Information shown Start Marker

lemma orthogonal_comp_orthogonal_comp:
  fixes S :: "'a::{real_inner,complete_space} set"
  assumes "subspace S" "closed S"
  shows "S\<^sup>\<bottom>\<^sup>\<bottom> = S"
proof
  show "S\<^sup>\<bottom>\<^sup>\<bottom> \<subseteq> S"
  proof
    fix x assume x: "x \<in> S\<^sup>\<bottom>\<^sup>\<bottom>"
    obtain p where "p \<in> S" "x - p \<in> S\<^sup>\<bottom>" using orthogonal_projection_exists[OF assms] .
    then have "x - p \<in> S\<^sup>\<bottom>\<^sup>\<bottom>"
      using x orthogonal_comp_subset subspace_diff subspace_orthogonal_comp by blast
    then have "x - p = 0"
      using \<open>x - p \<in> S\<^sup>\<bottom>\<close> orthogonal_Int_0[OF subspace_orthogonal_comp] by blast
    then show "x \<in> S" using \<open>p \<in> S\<close> by simp
  qed
qed (rule orthogonal_comp_subset)

lemma subspace_closure:
  fixes S :: "'a::real_normed_vector set"
  assumes "subspace S"
  shows "subspace (closure S)"
  unfolding subspace_def
proof (intro conjI ballI allI)
  show "0 \<in> closure S" using assms closure_subset subspace_0 by blast
next
  fix x y assume "x \<in> closure S" "y \<in> closure S"
  then obtain f g where "\<And>n. f n \<in> S" "f \<longlonglongrightarrow> x" "\<And>n. g n \<in> S" "g \<longlonglongrightarrow> y"
    by (auto simp: closure_sequential)
  then show "x + y \<in> closure S"
    unfolding closure_sequential using assms by (intro exI[of _ "\<lambda>n. f n + g n"]) (auto intro: tendsto_add subspace_add)
next
  fix c :: real and x assume "x \<in> closure S"
  then obtain f where "\<And>n. f n \<in> S" "f \<longlonglongrightarrow> x" by (auto simp: closure_sequential)
  then show "c *\<^sub>R x \<in> closure S"
    unfolding closure_sequential using assms by (intro exI[of _ "\<lambda>n. c *\<^sub>R f n"]) (auto intro: tendsto_scaleR subspace_scale)
qed

lemma orthogonal_comp_orthogonal_comp_subset_closure:
  fixes S :: "'a::{real_inner,complete_space} set"
  assumes "subspace S"
  shows "S\<^sup>\<bottom>\<^sup>\<bottom> \<subseteq> closure S"
proof -
  have "S\<^sup>\<bottom>\<^sup>\<bottom> \<subseteq> (closure S)\<^sup>\<bottom>\<^sup>\<bottom>"
    by (intro orthogonal_comp_anti_mono closure_subset)
  also have "\<dots> = closure S"
    using subspace_closure[OF assms] by (simp add: orthogonal_comp_orthogonal_comp)
  finally show ?thesis .
qed

lemma subspace_set_plus:
  assumes "subspace A" "subspace B"
  shows "subspace (A + B)"
proof -
  have "A + B = {a + b |a b. a \<in> A \<and> b \<in> B}" by (auto simp: set_plus_def)
  then show ?thesis using subspace_sums[OF assms] by simp
qed

lemma set_plus_subset_left: "0 \<in> B \<Longrightarrow> A \<subseteq> A + (B :: 'a::comm_monoid_add set)"
  using set_zero_plus2[of B A] by (simp add: add.commute)

lemma orthogonal_comp_set_plus:
  fixes A B :: "'a::real_inner set"
  assumes "0 \<in> A" "0 \<in> B"
  shows "(A + B)\<^sup>\<bottom> = A\<^sup>\<bottom> \<inter> B\<^sup>\<bottom>"
proof
  have "A \<subseteq> A + B" "B \<subseteq> A + B"
    using assms by (simp_all add: set_plus_subset_left set_zero_plus2)
  then show "(A + B)\<^sup>\<bottom> \<subseteq> A\<^sup>\<bottom> \<inter> B\<^sup>\<bottom>" using orthogonal_comp_anti_mono by blast
  show "A\<^sup>\<bottom> \<inter> B\<^sup>\<bottom> \<subseteq> (A + B)\<^sup>\<bottom>"
    by (auto simp: orthogonal_comp_iff set_plus_def inner_add_right)
qed

lemma inner_le_infdist_mult_norm:
  fixes V :: "'a::real_inner set"
  assumes "V \<noteq> {}" "y \<in> V\<^sup>\<bottom>"
  shows "x \<bullet> y \<le> infdist x V * norm y"
proof -
  have bound: "x \<bullet> y \<le> dist x v * norm y" if "v \<in> V" for v
  proof -
    have "x \<bullet> y = (x - v) \<bullet> y"
      using assms(2) that by (simp add: orthogonal_comp_def orthogonal_def inner_diff_left)
    also have "\<dots> \<le> dist x v * norm y" by (simp add: dist_norm norm_cauchy_schwarz)
    finally show ?thesis .
  qed
  show ?thesis
  proof (cases "y = 0")
    case False
    then have "x \<bullet> y / norm y \<le> infdist x V"
      unfolding infdist_notempty[OF assms(1)] using bound
      by (intro cINF_greatest[OF assms(1)]) (simp add: divide_le_eq)
    then show ?thesis using False by (simp add: divide_le_eq)
  qed simp
qed

section \<open>Friedrichs angles\<close>

text \<open>A supremum-free form of \<open>cos_friedrichs_angle M N \<le> c\<close>.\<close>

definition friedrichs_cos_le :: "'a::real_inner set \<Rightarrow> 'a set \<Rightarrow> real \<Rightarrow> bool" where
  "friedrichs_cos_le M N c \<longleftrightarrow>
     (\<forall>m \<in> M \<inter> (M \<inter> N)\<^sup>\<bottom>. \<forall>n \<in> N \<inter> (M \<inter> N)\<^sup>\<bottom>. \<bar>m \<bullet> n\<bar> \<le> c * norm m * norm n)"

lemma friedrichs_cos_le_commute:
  "friedrichs_cos_le M N c \<Longrightarrow> friedrichs_cos_le N M c"
  unfolding friedrichs_cos_le_def by (metis Int_commute inner_commute mult.commute mult.left_commute)

lemma friedrichs_cos_le_mono:
  "friedrichs_cos_le M N c \<Longrightarrow> c \<le> c' \<Longrightarrow> friedrichs_cos_le M N c'"
  unfolding friedrichs_cos_le_def by (meson mult_right_mono norm_ge_zero order_trans)

lemma exists_unit_orthogonal_to_Int:
  fixes V W :: "'a::{real_inner,complete_space} set"
  assumes "subspace V" "closed V" "subspace W" "closed W" "\<not> V \<subseteq> W"
  obtains w where "w \<in> V" "norm w = 1" "w \<in> (V \<inter> W)\<^sup>\<bottom>"
proof -
  obtain x where "x \<in> V" "x \<notin> W" using assms(5) by blast
  obtain q where q: "q \<in> V \<inter> W" "x - q \<in> (V \<inter> W)\<^sup>\<bottom>"
    using orthogonal_projection_exists[of "V \<inter> W"] assms(1-4) by (blast intro: subspace_inter)
  have "x - q \<in> V" "x - q \<noteq> 0"
    using \<open>x \<in> V\<close> \<open>x \<notin> W\<close> q(1) assms(1) by (auto intro: subspace_diff)
  then show ?thesis
    using that[of "(1 / norm (x - q)) *\<^sub>R (x - q)"] q(2) assms(1)
    by (simp add: subspace_scale subspace_orthogonal_comp[THEN subspace_scale])
qed

lemma abs_inner_of_units_le_1:
  assumes "r \<in> {\<bar>w1 \<bullet> w2\<bar> | w1 w2. w1 \<in> V \<and> w2 \<in> W \<and> norm w1 = 1 \<and> norm w2 = 1 \<and> P w1 w2}"
  shows "r \<le> 1"
proof -
  obtain w1 w2 :: 'a where "r = \<bar>w1 \<bullet> w2\<bar>" "norm w1 = 1" "norm w2 = 1" using assms by blast
  then show ?thesis using Cauchy_Schwarz_ineq2[of w1 w2] by simp
qed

Information shown End Marker

What the task asks: Every line in the entries above that mentions the word "blast" must be shown.

Output of the task:
      using x orthogonal_comp_subset subspace_diff subspace_orthogonal_comp by blast
      using \<open>x - p \<in> S\<^sup>\<bottom>\<close> orthogonal_Int_0[OF subspace_orthogonal_comp] by blast
  show "0 \<in> closure S" using assms closure_subset subspace_0 by blast
  then show "(A + B)\<^sup>\<bottom> \<subseteq> A\<^sup>\<bottom> \<inter> B\<^sup>\<bottom>" using orthogonal_comp_anti_mono by blast
  obtain x where "x \<in> V" "x \<notin> W" using assms(5) by blast
    using orthogonal_projection_exists[of "V \<inter> W"] assms(1-4) by (blast intro: subspace_inter)
  obtain w1 w2 :: 'a where "r = \<bar>w1 \<bullet> w2\<bar>" "norm w1 = 1" "norm w2 = 1" using assms by blast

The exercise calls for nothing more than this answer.